lemma plot_dsum:
  "plot (dsum J S) k U R \<longleftrightarrow> Eopen k U \<and> restrict R U \<in> U \<rightarrow>\<^sub>E Sigma J (\<lambda>j. carrier (S j)) \<and>
     (\<forall>r\<in>U. \<exists>V j Q. Eopen k V \<and> r \<in> V \<and> V \<subseteq> U \<and> j \<in> J \<and> plot (S j) k V Q \<and>
        (\<forall>x\<in>V. R x = (j, Q x)))"
proof -
  have "\<And>V Z. V \<subseteq> U \<Longrightarrow> (\<forall>x\<in>V. restrict R U x = Z x) \<longleftrightarrow> (\<forall>x\<in>V. R x = Z x)"
    and "\<And>V (A::_ \<Rightarrow> bool) B. V \<subseteq> U \<Longrightarrow>
      (\<forall>x\<in>V. (x \<in> U \<longrightarrow> A x) \<and> (x \<notin> U \<longrightarrow> B x)) \<longleftrightarrow> (\<forall>x\<in>V. A x)"
    by auto
  thus ?thesis unfolding plot_def dsum_def by (simp cong: conj_cong)
qed

lemma plots_in_carrier_dsum: "plots_in_carrier (dsum J S)"
  unfolding plots_in_carrier_def plot_dsum carrier_dsum by (auto simp: PiE_iff)

lemma plots_local_dsum: "plots_local (dsum J S)"
  unfolding plots_local_def
proof (intro allI impI)
  fix k U R
  assume asm: "Eopen k U \<and> R ` U \<subseteq> carrier (dsum J S) \<and>
    (\<forall>r\<in>U. \<exists>V. Eopen k V \<and> r \<in> V \<and> V \<subseteq> U \<and> plot (dsum J S) k V R)"
  have "\<exists>V j Q. Eopen k V \<and> r \<in> V \<and> V \<subseteq> U \<and> j \<in> J \<and> plot (S j) k V Q \<and>
      (\<forall>x\<in>V. R x = (j, Q x))" if "r \<in> U" for r
  proof -
    obtain V where V: "r \<in> V" "V \<subseteq> U" "plot (dsum J S) k V R" using asm \<open>r \<in> U\<close> by blast
    then obtain V' j Q where "Eopen k V'" "r \<in> V'" "V' \<subseteq> V" "j \<in> J" "plot (S j) k V' Q"
      "\<forall>x\<in>V'. R x = (j, Q x)" unfolding plot_dsum by blast
    thus ?thesis using V(2) by (meson order_trans)
  qed
  with asm show "plot (dsum J S) k U R" unfolding plot_dsum carrier_dsum by auto
qed

lemma plot_dsum_mono:
  assumes "\<And>j k V Q. j \<in> J \<Longrightarrow> plot (S j) k V Q \<Longrightarrow> plot (T j) k V Q"
    and "\<And>j. j \<in> J \<Longrightarrow> carrier (S j) \<subseteq> carrier (T j)"
    and "plot (dsum J S) k U R"
  shows "plot (dsum J T) k U R"
  using assms(3) unfolding plot_dsum
proof (elim conjE, intro conjI ballI)
  assume R: "restrict R U \<in> U \<rightarrow>\<^sub>E Sigma J (\<lambda>j. carrier (S j))"
  have "Sigma J (\<lambda>j. carrier (S j)) \<subseteq> Sigma J (\<lambda>j. carrier (T j))"
    by (rule Sigma_mono) (simp_all add: assms(2))
  hence "U \<rightarrow>\<^sub>E Sigma J (\<lambda>j. carrier (S j)) \<subseteq> U \<rightarrow>\<^sub>E Sigma J (\<lambda>j. carrier (T j))"
    by (rule PiE_mono)
  with R show "restrict R U \<in> U \<rightarrow>\<^sub>E Sigma J (\<lambda>j. carrier (T j))" by blast
next
  fix r assume "r \<in> U" and
    "\<forall>r\<in>U. \<exists>V j Q. Eopen k V \<and> r \<in> V \<and> V \<subseteq> U \<and> j \<in> J \<and> plot (S j) k V Q \<and>
       (\<forall>x\<in>V. R x = (j, Q x))"
  thus "\<exists>V j Q. Eopen k V \<and> r \<in> V \<and> V \<subseteq> U \<and> j \<in> J \<and> plot (T j) k V Q \<and>
       (\<forall>x\<in>V. R x = (j, Q x))" using assms(1) by meson
qed

lemma plot_cells_disk_if_plot_cells_sphere:
  assumes "carrier (cells_sphere J m n) \<subseteq> carrier (cells_disk J m n)"
    and "plot (cells_sphere J m n) k U Q"
  shows "plot (cells_disk J m n) k U Q"
proof -
  have sub: "carrier (fat_sphere n (m n j)) \<subseteq> carrier (fat_disk n (m n j))" if "j \<in> J n" for j
    using assms(1) that unfolding cells_sphere_def cells_disk_def carrier_dsum by blast
  have plot_mono: "plot (fat_disk n (m n j)) k V Q'"
    if "j \<in> J n" "plot (fat_sphere n (m n j)) k V Q'" for j k V Q'
    using that sub[OF \<open>j \<in> J n\<close>] unfolding fat_sphere_def fat_disk_def plot_subspace by auto
  show ?thesis
    using plot_mono sub assms(2) unfolding cells_sphere_def cells_disk_def by (rule plot_dsum_mono)
qed

context
  fixes A C :: "'c dspace" and B P :: "'a dspace" and h hh :: "'c \<Rightarrow> 'a"
  assumes pushout: "is_pushout A B C P h hh"
begin

lemma pushout_carrier_subset: "carrier A \<subseteq> carrier C"
  using pushout unfolding is_pushout_def by auto

lemma pushout_leg_funcset: "hh \<in> carrier C \<rightarrow> carrier P"
  using pushout unfolding is_pushout_def by auto

lemma pushout_leg_eq: "a \<in> carrier A \<Longrightarrow> hh a = h a"
  using pushout unfolding is_pushout_def by auto

lemma pushout_leg_interior_inj:
  "c \<in> carrier C - carrier A \<Longrightarrow> c' \<in> carrier C \<Longrightarrow> hh c = hh c' \<Longrightarrow> c = c'"
  using pushout unfolding is_pushout_def by auto

lemma pushout_leg_interior_notin_base: "c \<in> carrier C - carrier A \<Longrightarrow> hh c \<notin> carrier B"
  using pushout unfolding is_pushout_def by auto

lemma pushout_plot_iff:
  "plot P k U Q \<longleftrightarrow> Eopen k U \<and> restrict Q U \<in> U \<rightarrow>\<^sub>E carrier P \<and>
     (\<forall>r\<in>U. \<exists>V. Eopen k V \<and> r \<in> V \<and> V \<subseteq> U \<and>
        ((\<exists>Q'. plot B k V Q' \<and> (\<forall>x\<in>V. Q x = Q' x)) \<or>
         (\<exists>Q'. plot C k V Q' \<and> (\<forall>x\<in>V. Q x = hh (Q' x)))))"
proof -
  have "\<And>V Z. V \<subseteq> U \<Longrightarrow> (\<forall>x\<in>V. restrict Q U x = Z x) \<longleftrightarrow> (\<forall>x\<in>V. Q x = Z x)" by auto
  with pushout show ?thesis unfolding is_pushout_def plot_def by (simp cong: conj_cong)
qed

lemma pushout_inj_on:
  assumes "inj_on h (carrier A)"
  shows "inj_on hh (carrier C)"
proof (rule inj_onI)
  fix c c' assume c: "c \<in> carrier C" "c' \<in> carrier C" "hh c = hh c'"
  show "c = c'"
  proof (cases "c \<in> carrier A \<and> c' \<in> carrier A")
    case True
    with c assms show ?thesis by (metis pushout_leg_eq inj_onD)
  next
    case False
    with c show ?thesis by (metis DiffI pushout_leg_interior_inj)
  qed
qed

lemma pushout_base_inter_image: "carrier B \<inter> hh ` carrier C \<subseteq> h ` carrier A"
proof
  fix y assume "y \<in> carrier B \<inter> hh ` carrier C"
  then obtain c where "c \<in> carrier C" "y = hh c" "y \<in> carrier B" by blast
  with pushout_leg_interior_notin_base have "c \<in> carrier A" by blast
  with \<open>y = hh c\<close> show "y \<in> h ` carrier A" by (simp add: pushout_leg_eq)
qed

lemma pushout_smooth_leg:
  assumes "plots_in_carrier C"
  shows "smooth C P hh"
  unfolding smooth_def
proof (intro conjI allI impI)
  show "hh \<in> carrier C \<rightarrow> carrier P" by (fact pushout_leg_funcset)
  fix k U R assume R: "plot C k U R"
  with assms have U: "Eopen k U" and RU: "R ` U \<subseteq> carrier C" by (auto dest: plots_in_carrierD)
  show "plot P k U (hh \<circ> R)"
    unfolding pushout_plot_iff
  proof (intro conjI ballI)
    show "restrict (hh \<circ> R) U \<in> U \<rightarrow>\<^sub>E carrier P"
      using RU pushout_leg_funcset by (auto simp: restrict_PiE_iff image_subset_iff)
    show "\<exists>V. Eopen k V \<and> r \<in> V \<and> V \<subseteq> U \<and>
        ((\<exists>Q'. plot B k V Q' \<and> (\<forall>x\<in>V. (hh \<circ> R) x = Q' x)) \<or>
         (\<exists>Q'. plot C k V Q' \<and> (\<forall>x\<in>V. (hh \<circ> R) x = hh (Q' x))))" if "r \<in> U" for r
      using U R that by (intro exI[of _ U]) auto
  qed (fact U)
qed

lemma pushout_inverse_after_base_plot:
  assumes ind: "induction A B h"
    and AC: "\<And>k U Q. plot A k U Q \<Longrightarrow> plot C k U Q"
    and B: "plots_in_carrier B"
    and Q: "plot B k V Q" "Q ` V \<subseteq> hh ` carrier C"
  shows "plot C k V (inv_into (carrier C) hh \<circ> Q)"
proof -
  have inj: "inj_on h (carrier A)"
    and inv: "smooth (subspace B (h ` carrier A)) A (inv_into (carrier A) h)"
    using ind unfolding induction_def diffeomorphism_def by auto
  have "Q ` V \<subseteq> carrier B" using B Q(1) by (auto dest: plots_in_carrierD)
  with Q(2) have im: "Q ` V \<subseteq> h ` carrier A" using pushout_base_inter_image by blast
  with Q(1) have "plot A k V (inv_into (carrier A) h \<circ> Q)"
    using inv unfolding smooth_def plot_subspace by auto
  hence "plot C k V (inv_into (carrier A) h \<circ> Q)" by (rule AC)
  moreover have "inv_into (carrier C) hh (Q x) = inv_into (carrier A) h (Q x)" if "x \<in> V" for x
  proof -
    obtain a where a: "a \<in> carrier A" "Q x = h a" using im \<open>x \<in> V\<close> by blast
    with pushout_carrier_subset pushout_inj_on[OF inj] inj show ?thesis
      by (metis pushout_leg_eq inv_into_f_f subsetD)
  qed
  ultimately show ?thesis by (subst plot_cong) auto
qed

lemma pushout_smooth_inverse:
  assumes ind: "induction A B h"
    and AC: "\<And>k U Q. plot A k U Q \<Longrightarrow> plot C k U Q"
    and B: "plots_in_carrier B" and C: "plots_in_carrier C" "plots_local C"
  shows "smooth (subspace P (hh ` carrier C)) C (inv_into (carrier C) hh)"
  unfolding smooth_def carrier_subspace
proof (intro conjI allI impI)
  show "inv_into (carrier C) hh \<in> hh ` carrier C \<rightarrow> carrier C" by (auto intro: inv_into_into)
  have inj: "inj_on hh (carrier C)"
    using ind pushout_inj_on unfolding induction_def by blast
  fix k U Q assume "plot (subspace P (hh ` carrier C)) k U Q"
  hence Q: "plot P k U Q" and QU: "Q ` U \<subseteq> hh ` carrier C" unfolding plot_subspace by auto
  show "plot C k U (inv_into (carrier C) hh \<circ> Q)"
  proof (rule plots_localD[OF C(2)])
    show "Eopen k U" using Q unfolding pushout_plot_iff by blast
    show "(inv_into (carrier C) hh \<circ> Q) ` U \<subseteq> carrier C"
      using QU by (auto simp: image_subset_iff intro!: inv_into_into)
    fix r assume "r \<in> U"
    then obtain V where V: "Eopen k V" "r \<in> V" "V \<subseteq> U" and
      pieces: "(\<exists>Q'. plot B k V Q' \<and> (\<forall>x\<in>V. Q x = Q' x)) \<or>
               (\<exists>Q'. plot C k V Q' \<and> (\<forall>x\<in>V. Q x = hh (Q' x)))"
      using Q unfolding pushout_plot_iff by blast
    have "plot C k V (inv_into (carrier C) hh \<circ> Q)"
      using pieces
    proof (elim disjE exE conjE)
      fix Q' assume Q': "plot B k V Q'" "\<forall>x\<in>V. Q x = Q' x"
      with QU V(3) have "Q' ` V \<subseteq> hh ` carrier C" by force
      with Q'(1) have "plot C k V (inv_into (carrier C) hh \<circ> Q')"
        using pushout_inverse_after_base_plot[OF ind AC B] by blast
      with Q'(2) show ?thesis by (subst plot_cong) auto
    next
      fix Q' assume Q': "plot C k V Q'" "\<forall>x\<in>V. Q x = hh (Q' x)"
      with C(1) have "Q' ` V \<subseteq> carrier C" by (auto dest: plots_in_carrierD)
      with Q' inj show ?thesis by (subst plot_cong[where P' = Q']) auto
    qed
    with V show "\<exists>V. Eopen k V \<and> r \<in> V \<and> V \<subseteq> U \<and> plot C k V (inv_into (carrier C) hh \<circ> Q)"
      by blast
  qed
qed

REQUIREMENT | Report all lines of the data that include the word "conjE".

REPLY |
proof (elim conjE, intro conjI ballI)
    proof (elim disjE exE conjE)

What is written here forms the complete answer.